The driving force of the tourism industry is represented by the attractions at destination. Travelers have no reason to visit destinations that have nothing to offer. Tourism research has demonstrated that attraction studies are necessary in the understanding of the elements that encourage people to travel. Achieving the goal of measuring destination attractiveness requires the understanding of its components and their relationships. There are two ways of examining attractiveness: by studying the attractions or by exploring the attractiveness perceptions of those who are attracted by them. As competition among tourism destinations increases and tourist funding decreases, it is of vital importance to understand how the inventory of existing attractions at destination relates to the perceptions that travelers have of those attractions.
Tourism literature provides only a limited number of studies addressing destination attractiveness. Those studies focus exclusively on the measurement aspect of attractiveness and ignore the analysis of its components. The purpose of this study was to generate a new measurement tool for destination attractiveness and to examine the relationship between its elements. The principles of regional analysis, tourism planning, and tourism attraction research provided the foundation for a measurement and hypothesis testing model. This model is based on the assumption that tourism is a system, which is a function of supply and demand interaction.

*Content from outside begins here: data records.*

(* If there exists a $\mathcal{D}$-snake for a domino tiling system $\mathcal{D}$, then $\mathcal{D}$ is solvable.
   Context: A domino tiling system is $\mathcal{D}=(\mathrm{Col},\mathrm{T},\mathrm{white})$ with $\mathrm{Col}$ a finite set of colours, $\mathrm{T}\subseteq\mathrm{Col}^4$ a set of tiles $(c_l,c_d,c_r,c_u)$ and $\mathrm{white}\in\mathrm{Col}$; throughout, $\mathrm{T}$ contains no tile with more than two white sides. A tile is left-/down-/right-/up-border if $c_l$/$c_d$/$c_r$/$c_u$ equals white. Tiles $t=(c_l,c_d,c_r,c_u)$, $t'=(c'_l,c'_d,c'_r,c'_u)$ are H-compatible if $c_r=c'_l$ and V-compatible if $c_u=c'_d$. $\mathcal{D}$ covers $\mathbb{Z}_n\times\mathbb{Z}_m$ ($n,m$ positive) if there is $\xi:\mathbb{Z}_n\times\mathbb{Z}_m\to\mathrm{T}$ such that for all $(x,y)$ with $\xi(x,y)=(c_l,c_d,c_r,c_u)$: $x=0$ iff $c_l$ is white, $x=n-1$ iff $c_r$ is white, $y=0$ iff $c_d$ is white, $y=m-1$ iff $c_u$ is white; $\xi(x,y),\xi(x+1,y)$ are H-compatible whenever $x+1<n$; $\xi(x,y),\xi(x,y+1)$ are V-compatible whenever $y+1<m$. $\mathcal{D}$ is solvable if it covers some $\mathbb{Z}_n\times\mathbb{Z}_m$. Use a role name $r$, individual names $\mathsf{ld},\mathsf{rd},\mathsf{lu},\mathsf{ru}$ (the named ones) and concept names $C_t$ ($t\in\mathrm{T}$); an element carries $t$ if it lies in $C_t^{\mathcal{I}}$. An interpretation $\mathcal{I}$ is a $\mathcal{D}$-snake if: (SPath) there is an $r^+$-path starting at $\mathsf{ld}^{\mathcal{I}}$, later passing $\mathsf{rd}^{\mathcal{I}}$, later $\mathsf{lu}^{\mathcal{I}}$ and ending at $\mathsf{ru}^{\mathcal{I}}$ (at positions $1<i<j<$ last); (SNoLoop) no named element $r^+$-reaches itself; (SUniqTil) every element $r^*$-reachable from $\mathsf{ld}^{\mathcal{I}}$ carries exactly one tile; (SSpecTil) the named elements are exactly the elements $r^*$-reachable from $\mathsf{ld}^{\mathcal{I}}$ carrying a tile with two white sides, and $\mathsf{ld}^{\mathcal{I}}$ carries a left- and down-border tile, $\mathsf{rd}^{\mathcal{I}}$ a right- and down-border tile, $\mathsf{lu}^{\mathcal{I}}$ a left- and up-border tile, $\mathsf{ru}^{\mathcal{I}}$ a right- and up-border tile; (SHori) for every element $d\neq\mathsf{ru}^{\mathcal{I}}$ that is $r^*$-reachable from $\mathsf{ld}^{\mathcal{I}}$ and carries $t=(c_l,c_d,c_r,c_u)$ there is a tile $t'=(c'_l,c'_d,c'_r,c'_u)$ carried by all $r$-successors of $d$ such that (i) $t,t'$ are H-compatible, (ii) if $c_d$ is white then ($c_r$ is not white iff $c'_d$ is white), (iii) if $c_u$ is white then $c'_u$ is white; (SLen) there is a unique positive integer $N$ such that all $r^+$-paths from $\mathsf{ld}^{\mathcal{I}}$ to $\mathsf{rd}^{\mathcal{I}}$ have length $N-1$, and $\mathsf{rd}^{\mathcal{I}}$ is the only element $r^{N-1}$-reachable from $\mathsf{ld}^{\mathcal{I}}$; (SVerti) for every element $d$ $r^*$-reachable from $\mathsf{ld}^{\mathcal{I}}$ carrying a tile $t$ that is not up-border, there is a tile $t'$ carried by all elements $r^N$-reachable from $d$ (with $N$ from (SLen)) such that $t,t'$ are V-compatible and $t$ is left-border (resp. right-border) iff $t'$ is. Path length is the number of edges. *)

theory Defs
  imports Main
begin

type_synonym 'c tile = "'c \<times> 'c \<times> 'c \<times> 'c"

definition cl :: "'c tile \<Rightarrow> 'c" where "cl t = (case t of (a,b,c,d) \<Rightarrow> a)"
definition cd :: "'c tile \<Rightarrow> 'c" where "cd t = (case t of (a,b,c,d) \<Rightarrow> b)"
definition cr :: "'c tile \<Rightarrow> 'c" where "cr t = (case t of (a,b,c,d) \<Rightarrow> c)"
definition cu :: "'c tile \<Rightarrow> 'c" where "cu t = (case t of (a,b,c,d) \<Rightarrow> d)"

definition white_sides :: "'c \<Rightarrow> 'c tile \<Rightarrow> nat" where
  "white_sides w t = length (filter (\<lambda>c. c = w) [cl t, cd t, cr t, cu t])"

definition domino_system :: "'c set \<Rightarrow> 'c tile set \<Rightarrow> 'c \<Rightarrow> bool" where
  "domino_system Col T w \<longleftrightarrow> finite Col \<and> w \<in> Col \<and>
     (\<forall>t\<in>T. cl t \<in> Col \<and> cd t \<in> Col \<and> cr t \<in> Col \<and> cu t \<in> Col) \<and>
     (\<forall>t\<in>T. white_sides w t \<le> 2)"

definition H_compat :: "'c tile \<Rightarrow> 'c tile \<Rightarrow> bool" where
  "H_compat t t' \<longleftrightarrow> cr t = cl t'"

definition V_compat :: "'c tile \<Rightarrow> 'c tile \<Rightarrow> bool" where
  "V_compat t t' \<longleftrightarrow> cu t = cd t'"

definition covers :: "'c tile set \<Rightarrow> 'c \<Rightarrow> nat \<Rightarrow> nat \<Rightarrow> bool" where
  "covers T w n m \<longleftrightarrow> (\<exists>\<xi> :: nat \<times> nat \<Rightarrow> 'c tile.
     \<forall>x<n. \<forall>y<m. \<xi> (x,y) \<in> T \<and>
       (x = 0 \<longleftrightarrow> cl (\<xi> (x,y)) = w) \<and>
       (x = n - 1 \<longleftrightarrow> cr (\<xi> (x,y)) = w) \<and>
       (y = 0 \<longleftrightarrow> cd (\<xi> (x,y)) = w) \<and>
       (y = m - 1 \<longleftrightarrow> cu (\<xi> (x,y)) = w) \<and>
       (x + 1 < n \<longrightarrow> H_compat (\<xi> (x,y)) (\<xi> (x+1,y))) \<and>
       (y + 1 < m \<longrightarrow> V_compat (\<xi> (x,y)) (\<xi> (x,y+1))))"

definition solvable :: "'c tile set \<Rightarrow> 'c \<Rightarrow> bool" where
  "solvable T w \<longleftrightarrow> (\<exists>n m. 0 < n \<and> 0 < m \<and> covers T w n m)"

text \<open>Interpretations: the domain is the type 'd; r is the role, ld rd lu ru the named individuals,
  C t the extension of the concept name C_t (only for t \<in> T).\<close>
definition carries :: "'c tile set \<Rightarrow> ('c tile \<Rightarrow> 'd set) \<Rightarrow> 'd \<Rightarrow> 'c tile \<Rightarrow> bool" where
  "carries T C d t \<longleftrightarrow> t \<in> T \<and> d \<in> C t"

definition snake :: "'c tile set \<Rightarrow> 'c \<Rightarrow> ('d \<times> 'd) set \<Rightarrow> 'd \<Rightarrow> 'd \<Rightarrow> 'd \<Rightarrow> 'd
                      \<Rightarrow> ('c tile \<Rightarrow> 'd set) \<Rightarrow> bool" where
  "snake T w r ld rd lu ru C \<longleftrightarrow>
    \<comment> \<open>SPath\<close>
    (\<exists>p i j. 0 < i \<and> i < j \<and> j < length p - 1 \<and>
        (\<forall>k. k + 1 < length p \<longrightarrow> (p ! k, p ! (k+1)) \<in> r) \<and>
        p ! 0 = ld \<and> p ! i = rd \<and> p ! j = lu \<and> p ! (length p - 1) = ru) \<and>
    \<comment> \<open>SNoLoop\<close>
    (\<forall>a\<in>{ld, rd, lu, ru}. (a, a) \<notin> r\<^sup>+) \<and>
    \<comment> \<open>SUniqTil\<close>
    (\<forall>d. (ld, d) \<in> r\<^sup>* \<longrightarrow> (\<exists>!t. carries T C d t)) \<and>
    \<comment> \<open>SSpecTil\<close>
    ({d. (ld, d) \<in> r\<^sup>* \<and> (\<exists>t. carries T C d t \<and> white_sides w t = 2)} = {ld, rd, lu, ru}) \<and>
    (\<exists>t. carries T C ld t \<and> cl t = w \<and> cd t = w) \<and>
    (\<exists>t. carries T C rd t \<and> cr t = w \<and> cd t = w) \<and>
    (\<exists>t. carries T C lu t \<and> cl t = w \<and> cu t = w) \<and>
    (\<exists>t. carries T C ru t \<and> cr t = w \<and> cu t = w) \<and>
    \<comment> \<open>SHori\<close>
    (\<forall>d t. d \<noteq> ru \<and> (ld, d) \<in> r\<^sup>* \<and> carries T C d t \<longrightarrow>
       (\<exists>t'\<in>T. (\<forall>e. (d, e) \<in> r \<longrightarrow> carries T C e t') \<and>
          H_compat t t' \<and>
          (cd t = w \<longrightarrow> (cr t \<noteq> w \<longleftrightarrow> cd t' = w)) \<and>
          (cu t = w \<longrightarrow> cu t' = w))) \<and>
    \<comment> \<open>SLen and SVerti\<close>
    (let P = (\<lambda>N::nat. 0 < N \<and>
                (\<forall>n. 0 < n \<and> (ld, rd) \<in> r ^^ n \<longrightarrow> n = N - 1) \<and>
                {d. (ld, d) \<in> r ^^ (N - 1)} = {rd})
     in \<exists>N. P N \<and> (\<forall>M. P M \<longrightarrow> M = N) \<and>
        (\<forall>d t. (ld, d) \<in> r\<^sup>* \<and> carries T C d t \<and> cu t \<noteq> w \<longrightarrow>
           (\<exists>t'\<in>T. (\<forall>e. (d, e) \<in> r ^^ N \<longrightarrow> carries T C e t') \<and>
              V_compat t t' \<and>
              (cl t = w \<longleftrightarrow> cl t' = w) \<and> (cr t = w \<longleftrightarrow> cr t' = w))))"

end

theory Submission
  imports Defs
begin

text \<open>Read the tiles carried along the r-path from ld through rd and lu to ru as a word
  t_0 ... t_L. SLen puts rd at position N - 1, and SVerti relates t_k to t_(k+N) as long as t_k is
  not up-border. By SHori the down-border run starting at ld ends exactly at rd, so t_0 ... t_(N-1)
  is a bottom row; vertical steps then propagate left and right borders with period N, and the
  up-border tiles form the final segment starting at lu. Since no tile has more than two white
  sides, lu sits at a multiple of N and ru at lu + N - 1, so cutting the word into rows of length
  N tiles a rectangle.\<close>

lemma white_sides_eq:
  "white_sides w t = (if cl t = w then 1 else 0) + (if cd t = w then 1 else 0)
     + (if cr t = w then 1 else 0) + (if cu t = w then (1::nat) else 0)"
  by (simp add: white_sides_def)

lemma mult_add_less_mult_iff:
  fixes x y q N :: nat
  assumes "x < N"
  shows "y * N + x < q * N \<longleftrightarrow> y < q"
proof
  assume "y * N + x < q * N"
  then show "y < q"
    by (metis le_add1 le_less_trans mult_less_cancel2)
next
  assume "y < q"
  then have "Suc y * N \<le> q * N"
    by (intro mult_le_mono1) simp
  then show "y * N + x < q * N"
    using assms by simp
qed

text \<open>The word t 0, ..., t L is read along the snake path; N is the row width, and j and L
  are the positions of lu and ru.\<close>
locale snake_word =
  fixes T :: "'c tile set" and w :: 'c and t :: "nat \<Rightarrow> 'c tile" and N j L :: nat
  assumes tile_in_T: "k \<le> L \<Longrightarrow> t k \<in> T"
    and white_sides_le_2: "k \<le> L \<Longrightarrow> white_sides w (t k) \<le> 2"
    and white_sides_eq_2_iff: "k \<le> L \<Longrightarrow> white_sides w (t k) = 2 \<longleftrightarrow> k \<in> {0, N - 1, j, L}"
    and two_le_N: "2 \<le> N" and N_le_j: "N \<le> j" and j_less_L: "j < L"
    and corner_ld: "cl (t 0) = w" "cd (t 0) = w"
    and corner_rd: "cr (t (N - 1)) = w" "cd (t (N - 1)) = w"
    and corner_lu: "cl (t j) = w" "cu (t j) = w"
    and corner_ru: "cr (t L) = w" "cu (t L) = w"
    and H_step: "k < L \<Longrightarrow> H_compat (t k) (t (k + 1))"
    and down_border_step: "k < L \<Longrightarrow> cd (t k) = w \<Longrightarrow> cr (t k) \<noteq> w \<longleftrightarrow> cd (t (k + 1)) = w"
    and up_border_step: "k < L \<Longrightarrow> cu (t k) = w \<Longrightarrow> cu (t (k + 1)) = w"
    and V_step: "k + N \<le> L \<Longrightarrow> cu (t k) \<noteq> w \<Longrightarrow> V_compat (t k) (t (k + N))"
    and left_border_V_step: "k + N \<le> L \<Longrightarrow> cu (t k) \<noteq> w \<Longrightarrow> cl (t k) = w \<longleftrightarrow> cl (t (k + N)) = w"
    and right_border_V_step: "k + N \<le> L \<Longrightarrow> cu (t k) \<noteq> w \<Longrightarrow> cr (t k) = w \<longleftrightarrow> cr (t (k + N)) = w"
begin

Four attraction dimensions - tourism services and facilities, cultural/historical, rural lodging, and outdoor recreation - were found to represent the attractiveness portfolio of the destination. According to the findings, no correlations were found between demand and supply importance of the four dimensions. Among demand representatives, market segments perceive and value attractions in different ways. The study explored the attractiveness evaluation of eight tourist regions and discovered correlations between demand and supply indicators. Additionally, it was established that the overall regional measures of demand and supply destination attractiveness explain the economic benefits of tourism in the same region.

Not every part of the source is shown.